What the task requires: Set down the data that follows again, exactly as written.

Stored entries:
——————————
(* Let $M \in \mathbb N$, $\mathcal A \subset \{0,\dots,M-1\}$, $\chi \in C_c^\infty((0,1);[0,1])$, and let $N = KM$ with $K \in \mathbb N$. Let $\varphi, \psi : [0,1] \to [0,1]$ satisfy $$d\big(\operatorname{supp}\psi, \Phi^{-1}(\operatorname{supp}\varphi)\big) \ge r$$ for some $r$ with $0 < Mr \le 2 d(\operatorname{supp}\chi, 0)$. Then $$\|\varphi_N B_N \psi_N\|_{\ell^2_N \to \ell^2_N} \le \tilde g_\chi(Nr), \qquad \|\psi_N^{\mathcal F} B_N \varphi_N^{\mathcal F}\|_{\ell^2_N \to \ell^2_N} \le \tilde g_\chi(Nr),$$ where $\tilde g_\chi:(0,\infty)\to[0,\infty)$ is a function satisfying: for every $n$ there is $C_n>0$ with $\tilde g_\chi(x) \le C_n x^{-n}$, and if $\chi \in \mathcal G^s_c((0,1))$ for some $s > 1$ then $\tilde g_\chi(x) \le C e^{-c x^{1/s}}$ for some $C, c > 0$; the constants $C_n, C, c$ depend only on $\chi$.
   Context: For $N \in \mathbb N$, $\mathbb Z_N \simeq \{0,\dots,N-1\}$, $\ell^2_N = \ell^2(\mathbb Z_N)$, and $\mathcal F_N u(j) = N^{-1/2}\sum_{\ell=0}^{N-1} e^{-2\pi i j\ell/N} u(\ell)$. For a function $\varphi$ on $[0,1]$, $\varphi_N(j) = \varphi(j/N)$, viewed as a multiplication operator on $\ell^2_N$, and $\varphi_N^{\mathcal F} = \mathcal F_N^* \varphi_N \mathcal F_N$. For $N = KM$ and $a \in \{0,\dots,M-1\}$, $\Pi_a:\ell^2_N\to\ell^2_K$, $\Pi_a u(j) = u(j+aK)$, and the quantum open baker's map is $B_N = \sum_{a \in \mathcal A} \mathcal F_N^*\Pi_a^* \chi_K \mathcal F_K \chi_K \Pi_a$ with $\chi_K$ multiplication by $j\mapsto\chi(j/K)$. Distances on $[0,1]$ are taken with $0$ and $1$ identified: $d(x,y) = \min\{|x-y|,1-|x-y|\}$, $d(U,V) = \inf_{x\in U, y \in V} d(x,y)$. The expanding map $\Phi : \bigsqcup_{a\in\mathcal A}(a/M,(a+1)/M) \to (0,1)$ is $\Phi(x) = Mx - a$ for $x \in (a/M,(a+1)/M)$, and $\Phi^{-1}(S)$ denotes preimage. $\mathcal G^s_c((0,1))$ ($s>1$) is the set of $f\in C_c^\infty(\mathbb R)$, $\operatorname{supp} f\subset(0,1)$, such that for every compact $K'$ there is $C_{K',f}$ with $\sup_{K'}|\partial^\alpha f| \le C_{K',f}^{\alpha+1}(\alpha!)^s$ for all $\alpha \ge 0$. *)

theory Defs
  imports "HOL-Analysis.Analysis"
begin

text \<open>Vectors in l2(Z_N) are represented as functions nat => complex, only the
values at indices 0..N-1 being relevant; operators are maps on such functions.\<close>

definition l2norm :: "nat \<Rightarrow> (nat \<Rightarrow> complex) \<Rightarrow> real" where
  "l2norm N u = sqrt (\<Sum>j<N. (cmod (u j))\<^sup>2)"

definition opnorm :: "nat \<Rightarrow> ((nat \<Rightarrow> complex) \<Rightarrow> (nat \<Rightarrow> complex)) \<Rightarrow> real" where
  "opnorm N T = Sup ((\<lambda>u. l2norm N (T u)) ` {u. l2norm N u \<le> 1})"

definition DFT :: "nat \<Rightarrow> (nat \<Rightarrow> complex) \<Rightarrow> (nat \<Rightarrow> complex)" where
  "DFT N u = (\<lambda>j. (1 / sqrt (real N)) *\<^sub>R
      (\<Sum>l<N. exp (- 2 * pi * \<i> * of_nat j * of_nat l / of_nat N) * u l))"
——————————
Task output:
(* Let $M \in \mathbb N$, $\mathcal A \subset \{0,\dots,M-1\}$, $\chi \in C_c^\infty((0,1);[0,1])$, and let $N = KM$ with $K \in \mathbb N$. Let $\varphi, \psi : [0,1] \to [0,1]$ satisfy $$d\big(\operatorname{supp}\psi, \Phi^{-1}(\operatorname{supp}\varphi)\big) \ge r$$ for some $r$ with $0 < Mr \le 2 d(\operatorname{supp}\chi, 0)$. Then $$\|\varphi_N B_N \psi_N\|_{\ell^2_N \to \ell^2_N} \le \tilde g_\chi(Nr), \qquad \|\psi_N^{\mathcal F} B_N \varphi_N^{\mathcal F}\|_{\ell^2_N \to \ell^2_N} \le \tilde g_\chi(Nr),$$ where $\tilde g_\chi:(0,\infty)\to[0,\infty)$ is a function satisfying: for every $n$ there is $C_n>0$ with $\tilde g_\chi(x) \le C_n x^{-n}$, and if $\chi \in \mathcal G^s_c((0,1))$ for some $s > 1$ then $\tilde g_\chi(x) \le C e^{-c x^{1/s}}$ for some $C, c > 0$; the constants $C_n, C, c$ depend only on $\chi$.
   Context: For $N \in \mathbb N$, $\mathbb Z_N \simeq \{0,\dots,N-1\}$, $\ell^2_N = \ell^2(\mathbb Z_N)$, and $\mathcal F_N u(j) = N^{-1/2}\sum_{\ell=0}^{N-1} e^{-2\pi i j\ell/N} u(\ell)$. For a function $\varphi$ on $[0,1]$, $\varphi_N(j) = \varphi(j/N)$, viewed as a multiplication operator on $\ell^2_N$, and $\varphi_N^{\mathcal F} = \mathcal F_N^* \varphi_N \mathcal F_N$. For $N = KM$ and $a \in \{0,\dots,M-1\}$, $\Pi_a:\ell^2_N\to\ell^2_K$, $\Pi_a u(j) = u(j+aK)$, and the quantum open baker's map is $B_N = \sum_{a \in \mathcal A} \mathcal F_N^*\Pi_a^* \chi_K \mathcal F_K \chi_K \Pi_a$ with $\chi_K$ multiplication by $j\mapsto\chi(j/K)$. Distances on $[0,1]$ are taken with $0$ and $1$ identified: $d(x,y) = \min\{|x-y|,1-|x-y|\}$, $d(U,V) = \inf_{x\in U, y \in V} d(x,y)$. The expanding map $\Phi : \bigsqcup_{a\in\mathcal A}(a/M,(a+1)/M) \to (0,1)$ is $\Phi(x) = Mx - a$ for $x \in (a/M,(a+1)/M)$, and $\Phi^{-1}(S)$ denotes preimage. $\mathcal G^s_c((0,1))$ ($s>1$) is the set of $f\in C_c^\infty(\mathbb R)$, $\operatorname{supp} f\subset(0,1)$, such that for every compact $K'$ there is $C_{K',f}$ with $\sup_{K'}|\partial^\alpha f| \le C_{K',f}^{\alpha+1}(\alpha!)^s$ for all $\alpha \ge 0$. *)

theory Defs
  imports "HOL-Analysis.Analysis"
begin

text \<open>Vectors in l2(Z_N) are represented as functions nat => complex, only the
values at indices 0..N-1 being relevant; operators are maps on such functions.\<close>

definition l2norm :: "nat \<Rightarrow> (nat \<Rightarrow> complex) \<Rightarrow> real" where
  "l2norm N u = sqrt (\<Sum>j<N. (cmod (u j))\<^sup>2)"

definition opnorm :: "nat \<Rightarrow> ((nat \<Rightarrow> complex) \<Rightarrow> (nat \<Rightarrow> complex)) \<Rightarrow> real" where
  "opnorm N T = Sup ((\<lambda>u. l2norm N (T u)) ` {u. l2norm N u \<le> 1})"

definition DFT :: "nat \<Rightarrow> (nat \<Rightarrow> complex) \<Rightarrow> (nat \<Rightarrow> complex)" where
  "DFT N u = (\<lambda>j. (1 / sqrt (real N)) *\<^sub>R
      (\<Sum>l<N. exp (- 2 * pi * \<i> * of_nat j * of_nat l / of_nat N) * u l))"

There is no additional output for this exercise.